Yes, as of switch firmware v0.9.8.8 and later, it is possible to store (save) switch control settings after a reboot. Refer to the FAQ entry How do I store / save switch control settings on M3-CLOS-ENCL/M3-CLOS-ENCL-B or M3-SPINE-ENCL/M3-SPINE-ENCL-B switches?.
How do I cable the inter-switch connections in a 512-node configuration with the Clos256 Switches?
Detailed instructions can be found in the FAQ entry How do I cable the inter-switch connections in a 512-node configuration with the Clos256 Switches?.
Can you provide examples of how to use the SNMP interface to the Clos256 Switches?
Yes. Detailed examples can be found in the FAQ entry Does the monitoring line card in the M3-CLOS-ENCL/M3-CLOS-ENCL-B and M3-SPINE-ENCL/M3-SPINE-ENCL-B switches support SNMP?.
One of the connected switch ports is not illuminated in green/yellow on the TFT color display.
Is the disconnected switch port (i.e., its virtual port is not illuminated on the TFT display) an sff port or a quad port?

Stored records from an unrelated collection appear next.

(* Let $\{\Gamma_n\}_{n\ge0}$ be the Diamond Hierarchical Lattice and for each $n$ let $Z_n(q,y)=\sum_{A\subseteq E_n}q^{k(A)}(y-1)^{|A|}$ be the Potts partition function of $\Gamma_n=(V_n,E_n)$, and $\mathcal{S}_n:=(Z_n(q,y)=0)$ its zero divisor. Then for every $n\ge0$, $$\mathcal{S}_n=(R^n)^*(\mathcal{S}_0),$$ where $\mathcal{S}_0=(q(y+q-1)=0)$ and $R:\mathbb{C}\times\mathbb{P}^1\to\mathbb{C}\times\mathbb{P}^1$ is $$R(q,y)=(q,r_q(y)),\qquad r_q(y)=\left(\frac{y^2+q-1}{2y+q-2}\right)^2.$$
   Context: The Diamond Hierarchical Lattice: $\Gamma_0$ is a single edge with endpoints $a,b$; $\Gamma_1$ is the diamond (vertices $a,b,c,d$, edges $ac,cb,ad,db$); $\Gamma_{n+1}$ is obtained from the diamond by replacing each of its four edges with a copy of $\Gamma_n$, whose marked vertices $a,b$ serve as the endpoints of that edge. $k(A)$ is the number of connected components (including isolated vertices) of $(V_n,A)$; for integer $q\ge2$, $Z_n(q,y)=\sum_\sigma y^{\mathcal{E}(\sigma)}$, summing over maps $\sigma:V_n\to\{1,\dots,q\}$ with $\mathcal{E}(\sigma)$ the number of edges whose endpoints get equal values. The zero divisor of a polynomial counts each irreducible component with its order of vanishing; points $y\in\mathbb{P}^1$ are written in the standard chart $\mathbb{C}\subset\mathbb{P}^1$, and $R^*$ denotes pullback of divisors. *)

theory Defs
  imports Complex_Main "HOL-Computational_Algebra.Computational_Algebra" "HOL-Computational_Algebra.Field_as_Ring"
begin

text \<open>A graph is a pair (N, es): vertex set {0..<N}, edges given as a list of
  endpoint pairs (edge i is es ! i).  The marked vertices are a = 0 and b = 1.\<close>

definition diamond_src :: "nat \<Rightarrow> nat" where
  "diamond_src i = [0, 2, 0, 3] ! i"
definition diamond_tgt :: "nat \<Rightarrow> nat" where
  "diamond_tgt i = [2, 1, 3, 1] ! i"

text \<open>Embedding of vertex v of the i-th copy of a graph with N vertices into the
  next generation (diamond vertices a=0, b=1, c=2, d=3; copies on edges ac, cb, ad, db).\<close>
definition dhl_emb :: "nat \<Rightarrow> nat \<Rightarrow> nat \<Rightarrow> nat" where
  "dhl_emb N i v = (if v = 0 then diamond_src i else if v = 1 then diamond_tgt i
                    else 4 + i * (N - 2) + (v - 2))"

fun DHL :: "nat \<Rightarrow> nat \<times> (nat \<times> nat) list" where
  "DHL 0 = (2, [(0, 1)])"
| "DHL (Suc n) = (let (N, es) = DHL n in
     (4 + 4 * (N - 2),
      concat (map (\<lambda>i. map (\<lambda>(u, v). (dhl_emb N i u, dhl_emb N i v)) es) [0..<4])))"

definition nverts :: "nat \<Rightarrow> nat" where "nverts n = fst (DHL n)"
definition edges :: "nat \<Rightarrow> (nat \<times> nat) list" where "edges n = snd (DHL n)"

definition adj :: "(nat \<times> nat) list \<Rightarrow> nat set \<Rightarrow> (nat \<times> nat) set" where
  "adj es A = {(u, v). \<exists>i\<in>A. i < length es \<and> (es ! i = (u, v) \<or> es ! i = (v, u))}"

definition ncomp :: "nat \<Rightarrow> (nat \<times> nat) list \<Rightarrow> nat set \<Rightarrow> nat" where
  "ncomp N es A = card ({0..<N} // ((adj es A)\<^sup>* \<inter> ({0..<N} \<times> {0..<N})))"

section \<open>Bivariate polynomials: outer variable y, coefficients in C[q]\<close>

definition qv :: "complex poly poly" where "qv = [:[:0, 1:]:]"
definition yv :: "complex poly poly" where "yv = [:0, 1:]"

definition Zpoly :: "nat \<Rightarrow> complex poly poly" where
  "Zpoly n = (\<Sum>A\<in>Pow {0..<length (edges n)}.
      qv ^ ncomp (nverts n) (edges n) A * (yv - 1) ^ card A)"

text \<open>Zero divisor of a nonzero polynomial in C[q,y]: the multiset of its irreducible
  components (normalized prime factors) counted with order of vanishing.
  (A polynomial has no zero components on the line y = \<infinity> of C \<times> P^1.)\<close>
definition zero_divisor :: "complex poly poly \<Rightarrow> complex poly poly multiset" where
  "zero_divisor f = prime_factorization f"

text \<open>Homogeneous lift of r_q: [Y:W] \<mapsto> [(Y^2+(q-1)W^2)^2 : W^2 (2Y+(q-2)W)^2].\<close>
definition Rlift :: "complex poly poly \<times> complex poly poly \<Rightarrow> complex poly poly \<times> complex poly poly" where
  "Rlift PQ = (let (P, Q) = PQ in
     ((P^2 + (qv - 1) * Q^2)^2, Q^2 * (2 * P + (qv - 2) * Q)^2))"

text \<open>Substitution of a homogeneous pair into the homogenization (in y) of f.\<close>
definition hom_subst :: "complex poly poly \<Rightarrow> complex poly poly \<Rightarrow> complex poly poly \<Rightarrow> complex poly poly" where
  "hom_subst f P Q = (\<Sum>k\<le>degree f. [:coeff f k:] * P ^ k * Q ^ (degree f - k))"

text \<open>Pullback (R^n)^* of the zero divisor of f on C \<times> P^1, computed via the
  homogeneous lift of R^n: the divisor of F(q, P_n, Q_n).\<close>
definition pullback_div :: "nat \<Rightarrow> complex poly poly \<Rightarrow> complex poly poly multiset" where
  "pullback_div n f = (let (P, Q) = (Rlift ^^ n) (yv, 1) in zero_divisor (hom_subst f P Q))"

definition S0poly :: "complex poly poly" where
  "S0poly = qv * (yv + qv - 1)"

end

theory Submission
  imports Defs
begin

text \<open>For an integer \<open>q = m\<close> the Fortuin-Kasteleyn identity turns \<open>Z\<^sub>n(m, y)\<close> into the sum, over
  all \<open>m\<close>-colourings of \<open>\<Gamma>\<^sub>n\<close>, of \<open>y\<close> raised to the number of monochromatic edges. Pinning the
  colours \<open>s, t\<close> of the marked vertices gives a sum that only depends on whether \<open>s = t\<close>
  (value \<open>u\<^sub>n\<close>) or not (value \<open>v\<^sub>n\<close>). As \<open>\<Gamma>\<^sub>n\<^sub>+\<^sub>1\<close> is two series pairs of copies of \<open>\<Gamma>\<^sub>n\<close> put
  in parallel, the pinned sums of \<open>\<Gamma>\<^sub>n\<^sub>+\<^sub>1\<close> are the entrywise squares of the matrix square of
  those of \<open>\<Gamma>\<^sub>n\<close>: \<open>(u, v) \<mapsto> ((u\<^sup>2 + (m - 1) v\<^sup>2)\<^sup>2, v\<^sup>2 (2u + (m - 2) v)\<^sup>2)\<close>, the homogeneous lift
  of \<open>r\<^sub>m\<close>, started at \<open>(y, 1)\<close>. Summing over \<open>s, t\<close> gives \<open>Z\<^sub>n = m (u\<^sub>n + (m - 1) v\<^sub>n)\<close>, the
  lift of \<open>S\<^sub>0\<close> pulled back by \<open>R\<^sup>n\<close>. Both sides are polynomials agreeing for infinitely many
  \<open>q\<close>, hence equal, and so are their divisors.\<close>

section \<open>Colourings and the Fortuin-Kasteleyn identity\<close>

lemma bij_betw_class_constant_functions:
  assumes eqv: "equiv X R"
  shows "bij_betw (\<lambda>g. restrict (\<lambda>x. g (R `` {x})) X) (X // R \<rightarrow>\<^sub>E C)
    {f \<in> X \<rightarrow>\<^sub>E C. \<forall>(x, y)\<in>R. f x = f y}"
proof -
  define lift where "lift g = restrict (\<lambda>x. g (R `` {x})) X" for g :: "'a set \<Rightarrow> 'b"
  define descend where "descend f = restrict (\<lambda>c. f (SOME x. x \<in> c)) (X // R)" for f :: "'a \<Rightarrow> 'b"
  have some_in_class: "(SOME x. x \<in> c) \<in> c" "c \<subseteq> X" if "c \<in> X // R" for c
    using that in_quotient_imp_non_empty[OF eqv] in_quotient_imp_subset[OF eqv]
    by (auto simp: some_in_eq)
  have class_of_member: "R `` {x} = c" if "c \<in> X // R" "x \<in> c" for c x
    using that eqv by (metis equiv_class_eq_iff quotientE Image_singleton_iff)
  have "bij_betw lift (X // R \<rightarrow>\<^sub>E C) {f \<in> X \<rightarrow>\<^sub>E C. \<forall>(x, y)\<in>R. f x = f y}"
  proof (rule bij_betw_byWitness[where f' = descend])
    show "\<forall>g\<in>X // R \<rightarrow>\<^sub>E C. descend (lift g) = g"
    proof
      fix g assume g: "g \<in> X // R \<rightarrow>\<^sub>E C"
      show "descend (lift g) = g"
      proof (rule extensionalityI[of _ "X // R"])
        fix c assume c: "c \<in> X // R"
        then have "R `` {SOME x. x \<in> c} = c"
          using some_in_class[OF c] by (intro class_of_member)
        then show "descend (lift g) c = g c"
          using some_in_class[OF c] c by (auto simp: descend_def lift_def)
      qed (use g in \<open>auto simp: descend_def PiE_def\<close>)
    qed
    show "\<forall>f\<in>{f \<in> X \<rightarrow>\<^sub>E C. \<forall>(x, y)\<in>R. f x = f y}. lift (descend f) = f"
    proof
      fix f assume f: "f \<in> {f \<in> X \<rightarrow>\<^sub>E C. \<forall>(x, y)\<in>R. f x = f y}"
      show "lift (descend f) = f"
      proof (rule extensionalityI[of _ X])
        fix x assume x: "x \<in> X"
        then have "R `` {x} \<in> X // R" "(x, SOME x'. x' \<in> R `` {x}) \<in> R"
          using some_in_class[of "R `` {x}"] by (auto intro: quotientI)
        then show "lift (descend f) x = f x"
          using f x by (auto simp: lift_def descend_def)
      qed (use f in \<open>auto simp: lift_def PiE_def\<close>)
    qed
    show "lift ` (X // R \<rightarrow>\<^sub>E C) \<subseteq> {f \<in> X \<rightarrow>\<^sub>E C. \<forall>(x, y)\<in>R. f x = f y}"
      using eqv equiv_type[OF eqv] by (fastforce simp: lift_def quotientI equiv_class_eq)
    show "descend ` {f \<in> X \<rightarrow>\<^sub>E C. \<forall>(x, y)\<in>R. f x = f y} \<subseteq> X // R \<rightarrow>\<^sub>E C"
      using some_in_class by (fastforce simp: descend_def)
  qed
  then show ?thesis
    unfolding lift_def[abs_def] .
qed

If the disconnected switch port is an sff port follow these diagnostic procedures.
Make sure that the switch firmware (GM-2 or MX) has been installed properly on the host connected to that switch port. When the host software module has been loaded, the green LED on the host interface should be illuminated, and the TFT box associated with this switch port should be green. Check the kernel log (/var/log/messages) on that host for any errors that may have been encountered during the GM/MX installation process.
If the host software has been installed properly and the switch port TFT box is still not illuminated in green, try disconnecting and reconnecting the fiber cable (at both ends). Does the switch port TFT box illuminate green?

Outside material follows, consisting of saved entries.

text \<open>In dimension one the jump does not change the sign of \<open>x - z\<close> (monotonicity of
  \<open>x \<mapsto> x + c(x,k,u)\<close>), and on either half-line \<open>Fr \<circ> abs\<close> is concave.\<close>
lemma Fr_abs_jump_nonpos:
  fixes d e :: real
  assumes "d \<noteq> 0" "d \<le> 0 \<longrightarrow> d + e \<le> 0" "d \<ge> 0 \<longrightarrow> d + e \<ge> 0"
  shows "Fr \<bar>d + e\<bar> - Fr \<bar>d\<bar> - Fr_slope \<bar>d\<bar> * (d * e) \<le> 0"
proof -
  have "Fr_slope \<bar>d\<bar> * (d * e) = sgn d * e * (Fr_slope \<bar>d\<bar> * \<bar>d\<bar>)"
    by (metis mult.assoc mult.commute sgn_mult_abs)
  also have "\<dots> = (\<bar>d + e\<bar> - \<bar>d\<bar>) / (1 + \<bar>d\<bar>)^2"
    using assms Fr_slope_mult_self[of "\<bar>d\<bar>"] by (cases "d > 0") (auto simp: sgn_if)
  finally show ?thesis
    using Fr_le_tangent[of "\<bar>d\<bar>" "\<bar>d + e\<bar>"] by simp
qed

lemma integral_le_cmult_nn_integral:
  fixes F h :: "'u \<Rightarrow> real"
  assumes le: "\<And>u. F u \<le> C * h u" and C: "C > 0"
    and finite: "(\<integral>\<^sup>+u. ennreal (h u) \<partial>M) \<noteq> \<infinity>"
  shows "integral\<^sup>L M F \<le> C * enn2real (\<integral>\<^sup>+u. ennreal (h u) \<partial>M)"
proof (cases "integrable M F")
  case False
  then show ?thesis using C by (simp add: not_integrable_integral_eq enn2real_nonneg)
next
  case True
  then have "integral\<^sup>L M (\<lambda>u. F u / C) \<le> enn2real (\<integral>\<^sup>+u. ennreal (F u / C) \<partial>M)"
    by (subst real_lebesgue_integral_def) (simp_all add: enn2real_nonneg)
  also have "\<dots> \<le> enn2real (\<integral>\<^sup>+u. ennreal (h u) \<partial>M)"
    using le C finite
    by (intro enn2real_mono nn_integral_mono ennreal_leI) (auto simp: divide_le_eq mult.commute top.not_eq_extremum)
  finally show ?thesis
    using C by (simp add: divide_le_eq mult.commute)
qed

If the TFT box does not illuminate green, try a different fiber cable to see if the failure could be due to a damaged fiber cable. Does the TFT box illuminate green if you use a different fiber cable?
If changing the cable does not result in the switch port TFT box illuminating as green, then try connecting the cable to another switch port on a switch line card. Does the green LED illuminate if the cable is connected to a different switch port? If yes, then it sounds like a hardware problem with the original sff port. Examine the switch counters data for that switch port for further information. Let's say that the disconnected sff port Y is located on the switch line card in slot X. Go to the web interface (Status - > Slot X - > sff port Y), and look for non-zero switch counters (e.g., signal lost or port down).
If you have a fiber loopback plug M3F-L (a photo is linked from this FAQ entry), then you can use this plug to rule out any problems at the switch port. After plugging the connector into the sff port, you should see the value of signal lost go to 0 on the TFT display and/or the web output for that port, and the sff port should be displayed as green on the TFT display. If this does not occur, then there is a hardware problem with this switch port.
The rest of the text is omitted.